## TASK ITEM
Your answer should consist only of the lines below from the one with "using k len" through the one with "obtain w where", copied exactly.
◇ ◇ ◇ ◇
(* Let $A$ be a finite set, let $X \subset A^{\mathbb Z}$ be a subshift, and let $n_0 \geq 0$ be an integer. The following are equivalent: (a) for all $u,v \in L(X)$ there exists a word $c \in L(X)$ with $|c| \leq n_0$ such that $ucv \in L(X)$; (b) $X$ is irreducible and for every $u \in L(X)$ there exists a word $c \in L(X)$ with $|c| \leq n_0$ such that $ucu \in L(X)$.
   Context: A subshift of $A^{\mathbb Z}$ is a closed shift-invariant subset (product topology of discrete topologies). $A^*$ is the free monoid of finite words over $A$ (including the empty word), $|w|$ the length, and juxtaposition denotes concatenation. A word $w$ appears in $x\in A^{\mathbb Z}$ if $w$ is empty or $w=x(i)x(i+1)\cdots x(j)$ for some $i\le j$. The language $L(X)$ is the set of words appearing in some configuration of $X$. $X$ is irreducible if for all $u,v\in L(X)$ there is $w\in L(X)$ with $uwv\in L(X)$. *)

theory Defs
  imports "HOL-Analysis.Analysis"
begin

definition full_shift_top :: "'a set \<Rightarrow> (int \<Rightarrow> 'a) topology" where
  "full_shift_top A = product_topology (\<lambda>_. discrete_topology A) UNIV"

definition shift :: "(int \<Rightarrow> 'a) \<Rightarrow> (int \<Rightarrow> 'a)" where
  "shift x = (\<lambda>i. x (i + 1))"

definition subshift :: "'a set \<Rightarrow> (int \<Rightarrow> 'a) set \<Rightarrow> bool" where
  "subshift A X \<longleftrightarrow> closedin (full_shift_top A) X \<and> shift ` X = X"

definition appears :: "'a list \<Rightarrow> (int \<Rightarrow> 'a) \<Rightarrow> bool" where
  "appears w x \<longleftrightarrow> w = [] \<or> (\<exists>i j. i \<le> j \<and> w = map x [i..j])"

definition lang :: "(int \<Rightarrow> 'a) set \<Rightarrow> 'a list set" where
  "lang X = {w. \<exists>x\<in>X. appears w x}"

definition irreducible_shift :: "(int \<Rightarrow> 'a) set \<Rightarrow> bool" where
  "irreducible_shift X \<longleftrightarrow>
     (\<forall>u\<in>lang X. \<forall>v\<in>lang X. \<exists>w\<in>lang X. u @ w @ v \<in> lang X)"

end

theory Submission
  imports Defs
begin

text \<open>Given \<open>u, v\<close>, irreducibility yields a word \<open>v w u\<close>; a short connector \<open>c\<close> with
  \<open>(v w u) c (v w u)\<close> in the language contains \<open>u c v\<close> as a factor. The subshift structure is
  only used through the fact that languages of configurations are closed under factors.\<close>

lemma appears_infix:
  assumes "appears (p @ s @ q) x"
  shows "appears s x"
proof (cases "s = []")
  case False
  from assms False obtain i j where ij: "p @ s @ q = map x [i..j]"
    by (auto simp: appears_def)
  define a where "a = i + int (length p)"
  have len: "length p + length s + length q = nat (j - i + 1)"
    using arg_cong[OF ij, of length] by simp
  have "s = map x [a..a + int (length s) - 1]"
  proof (rule nth_equalityI)
    fix k assume k: "k < length s"
    have "s ! k = (p @ s @ q) ! (length p + k)"
      using k by (simp add: nth_append)
    also have "\<dots> = x (a + int k)"
      using k len by (simp add: ij nth_upto a_def add.assoc)
    finally show "s ! k = map x [a..a + int (length s) - 1] ! k"
      using k by (simp add: nth_upto)
  qed simp
  moreover have "a \<le> a + int (length s) - 1"
    using False by simp
  ultimately show ?thesis
    unfolding appears_def by blast
qed (simp add: appears_def)

lemma lang_infix: "p @ s @ q \<in> lang X \<Longrightarrow> s \<in> lang X"
  unfolding lang_def using appears_infix by blast

lemma connect_via_self_connection:
  assumes infix_closed: "\<And>p s q. p @ s @ q \<in> L \<Longrightarrow> s \<in> L"
    and irreducible: "\<And>u v. u \<in> L \<Longrightarrow> v \<in> L \<Longrightarrow> \<exists>w. u @ w @ v \<in> L"
    and self_connected: "\<And>u. u \<in> L \<Longrightarrow> \<exists>c\<in>C. u @ c @ u \<in> L"
    and "u \<in> L" "v \<in> L"
  shows "\<exists>c\<in>C. u @ c @ v \<in> L"
proof -
  obtain w where "v @ w @ u \<in> L"
    using irreducible \<open>u \<in> L\<close> \<open>v \<in> L\<close> by blast
  then obtain c where "c \<in> C" and "(v @ w @ u) @ c @ (v @ w @ u) \<in> L"
    using self_connected by blast
  then have "(v @ w) @ (u @ c @ v) @ (w @ u) \<in> L"
    by simp
  with \<open>c \<in> C\<close> show ?thesis
    using infix_closed by blast
qed

theorem proposition4p1:
  fixes A :: "'a set" and X :: "(int \<Rightarrow> 'a) set" and n0 :: nat
  assumes "finite A" and "subshift A X"
  shows "(\<forall>u\<in>lang X. \<forall>v\<in>lang X. \<exists>c\<in>lang X. length c \<le> n0 \<and> u @ c @ v \<in> lang X)
     \<longleftrightarrow> (irreducible_shift X \<and>
          (\<forall>u\<in>lang X. \<exists>c\<in>lang X. length c \<le> n0 \<and> u @ c @ u \<in> lang X))"
proof
  assume "\<forall>u\<in>lang X. \<forall>v\<in>lang X. \<exists>c\<in>lang X. length c \<le> n0 \<and> u @ c @ v \<in> lang X"
  then show "irreducible_shift X \<and>
      (\<forall>u\<in>lang X. \<exists>c\<in>lang X. length c \<le> n0 \<and> u @ c @ u \<in> lang X)"
    unfolding irreducible_shift_def by blast
next
  assume "irreducible_shift X \<and>
      (\<forall>u\<in>lang X. \<exists>c\<in>lang X. length c \<le> n0 \<and> u @ c @ u \<in> lang X)"
  then have irreducible: "\<And>u v. u \<in> lang X \<Longrightarrow> v \<in> lang X \<Longrightarrow> \<exists>w. u @ w @ v \<in> lang X"
    and self_connected: "\<And>u. u \<in> lang X \<Longrightarrow> \<exists>c\<in>{c \<in> lang X. length c \<le> n0}. u @ c @ u \<in> lang X"
    unfolding irreducible_shift_def by blast+
  show "\<forall>u\<in>lang X. \<forall>v\<in>lang X. \<exists>c\<in>lang X. length c \<le> n0 \<and> u @ c @ v \<in> lang X"
  proof (intro ballI)
    fix u v assume "u \<in> lang X" "v \<in> lang X"
    with lang_infix irreducible self_connected
    have "\<exists>c\<in>{c \<in> lang X. length c \<le> n0}. u @ c @ v \<in> lang X"
      by (rule connect_via_self_connection)
    then show "\<exists>c\<in>lang X. length c \<le> n0 \<and> u @ c @ v \<in> lang X"
      by blast
  qed
qed

end
lemma pl_interp_eq_sum:
  assumes "0 < t" "\<forall>n\<ge>N. pl_hat s n t = 0"
  shows "pl_interp s v t = (\<Sum>n<N. v n * pl_hat s n t)"
proof -
  let ?L = "LEAST n. s n < t"
  have "s ?L < t" using s_eventually_less[OF assms(1)] by (rule LeastI_ex)
  then have "s (Suc ?L) \<le> t" using s_decreasing[of ?L] by linarith
  then have "\<forall>n\<ge>Suc (Suc ?L). pl_hat s n t = 0" using pl_hat_eq_0_above by blast
  then show ?thesis unfolding pl_interp_def
    by (intro sum_lessThan_eq_if_vanishing_tails) (use assms in auto)
qed

lemma pl_interp_segment:
  assumes "s (Suc k) \<le> t" "t \<le> s k"
  shows "pl_interp s v t = v k * ((t - s (Suc k)) / (s k - s (Suc k)))
                         + v (Suc k) * ((s k - t) / (s k - s (Suc k)))"
proof -
  have "0 < t" using assms s_pos[of "Suc k"] by linarith
  then have "pl_interp s v t = (\<Sum>n<Suc (Suc k). v n * pl_hat s n t)"
    by (rule pl_interp_eq_sum) (use pl_hat_eq_0_above assms in auto)
  also have "\<dots> = (\<Sum>n<k. v n * pl_hat s n t) + v k * pl_hat s k t + v (Suc k) * pl_hat s (Suc k) t"
    by simp
  also have "(\<Sum>n<k. v n * pl_hat s n t) = 0"
    by (rule sum.neutral) (use pl_hat_eq_0_below[OF _ assms(2)] in \<open>auto simp: Suc_le_eq\<close>)
  finally show ?thesis using pl_hat_rising[OF assms] pl_hat_falling[OF assms] by simp
qed

lemma pl_interp_node: "pl_interp s v (s k) = v k"
  using pl_interp_segment[of k "s k" v] s_decreasing[of k] by simp

lemma pl_interp_beyond: "s 0 \<le> t \<Longrightarrow> pl_interp s v t = v 0"
proof -
  assume t: "s 0 \<le> t"
  then have "0 < t" using s_pos[of 0] by linarith
  moreover have "\<forall>n\<ge>Suc 0. pl_hat s n t = 0"
  proof (intro allI impI)
    fix n :: nat assume "Suc 0 \<le> n"
    then obtain m where "n = Suc m" by (cases n) auto
    moreover have "s m \<le> t" using t s_le_iff[of m 0] by simp
    ultimately show "pl_hat s n t = 0" using pl_hat_Suc_eq_0 by simp
  qed
  ultimately have "pl_interp s v t = (\<Sum>n<Suc 0. v n * pl_hat s n t)"
    by (rule pl_interp_eq_sum)
  moreover have "pl_hat s 0 t = 1"
    using t s_decreasing[of 0] by (simp add: pl_hat_def)
  ultimately show ?thesis by simp
qed

lemma pl_interp_segment_ge_min:
  assumes "s (Suc k) \<le> t" "t \<le> s k"
  shows "min (v k) (v (Suc k)) \<le> pl_interp s v t"
proof -
  define l where "l = (t - s (Suc k)) / (s k - s (Suc k))"
  have d: "0 < s k - s (Suc k)" using s_decreasing[of k] by simp
  have l: "0 \<le> l" "l \<le> 1" unfolding l_def using d assms by auto
  have "(s k - t) / (s k - s (Suc k)) = 1 - l"
    unfolding l_def using d by (simp add: field_simps)
  then have "pl_interp s v t = v k * l + v (Suc k) * (1 - l)"
    using pl_interp_segment[OF assms] unfolding l_def by simp
  moreover have "min (v k) (v (Suc k)) * l \<le> v k * l"
    "min (v k) (v (Suc k)) * (1 - l) \<le> v (Suc k) * (1 - l)"
    using l by (auto intro: mult_right_mono)
  ultimately show ?thesis by (simp add: algebra_simps)
qed

lemma pl_interp_ge_tail:
  assumes "\<forall>m\<ge>N. a \<le> v m" "0 < t" "t < s N"
  shows "a \<le> pl_interp s v t"
proof -
  have "t < s 0" using assms(3) s_le_iff[of N 0] by simp
  then obtain k where k: "s (Suc k) \<le> t" "t < s k" using segment_exists assms(2) by blast
  then have "s (Suc k) < s N" using assms(3) by linarith
  then have "N \<le> k" using s_less_iff by simp
  then have "a \<le> min (v k) (v (Suc k))" using assms(1) by simp
  also have "\<dots> \<le> pl_interp s v t" using k by (intro pl_interp_segment_ge_min) auto
  finally show ?thesis .
qed

lemma pl_interp_ge_head:
  assumes "\<forall>m\<le>N. a \<le> v m" "s N \<le> t"
  shows "a \<le> pl_interp s v t"
proof (cases "s 0 \<le> t")
  case True
  then show ?thesis using assms(1) pl_interp_beyond by simp
next
  case False
  have "0 < t" using assms(2) s_pos[of N] by linarith
  then obtain k where k: "s (Suc k) \<le> t" "t < s k" using segment_exists False by force
  then have "s N < s k" using assms(2) by linarith
  then have "Suc k \<le> N" using s_less_iff by simp
  then have "a \<le> min (v k) (v (Suc k))" using assms(1) by simp
  also have "\<dots> \<le> pl_interp s v t" using k by (intro pl_interp_segment_ge_min) auto
  finally show ?thesis .
qed

lemma pl_interp_uminus: "pl_interp s (\<lambda>n. - v n) t = - pl_interp s v t"
  unfolding pl_interp_def by (simp only: mult_minus_left sum_negf)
◇ ◇ ◇ ◇
## TASK RESPONSE
      using k len by (simp add: ij nth_upto a_def add.assoc)
    finally show "s ! k = map x [a..a + int (length s) - 1] ! k"
      using k by (simp add: nth_upto)
  qed simp
  moreover have "a \<le> a + int (length s) - 1"
    using False by simp
  ultimately show ?thesis
    unfolding appears_def by blast
qed (simp add: appears_def)

lemma lang_infix: "p @ s @ q \<in> lang X \<Longrightarrow> s \<in> lang X"
  unfolding lang_def using appears_infix by blast

lemma connect_via_self_connection:
  assumes infix_closed: "\<And>p s q. p @ s @ q \<in> L \<Longrightarrow> s \<in> L"
    and irreducible: "\<And>u v. u \<in> L \<Longrightarrow> v \<in> L \<Longrightarrow> \<exists>w. u @ w @ v \<in> L"
    and self_connected: "\<And>u. u \<in> L \<Longrightarrow> \<exists>c\<in>C. u @ c @ u \<in> L"
    and "u \<in> L" "v \<in> L"
  shows "\<exists>c\<in>C. u @ c @ v \<in> L"
proof -
  obtain w where "v @ w @ u \<in> L"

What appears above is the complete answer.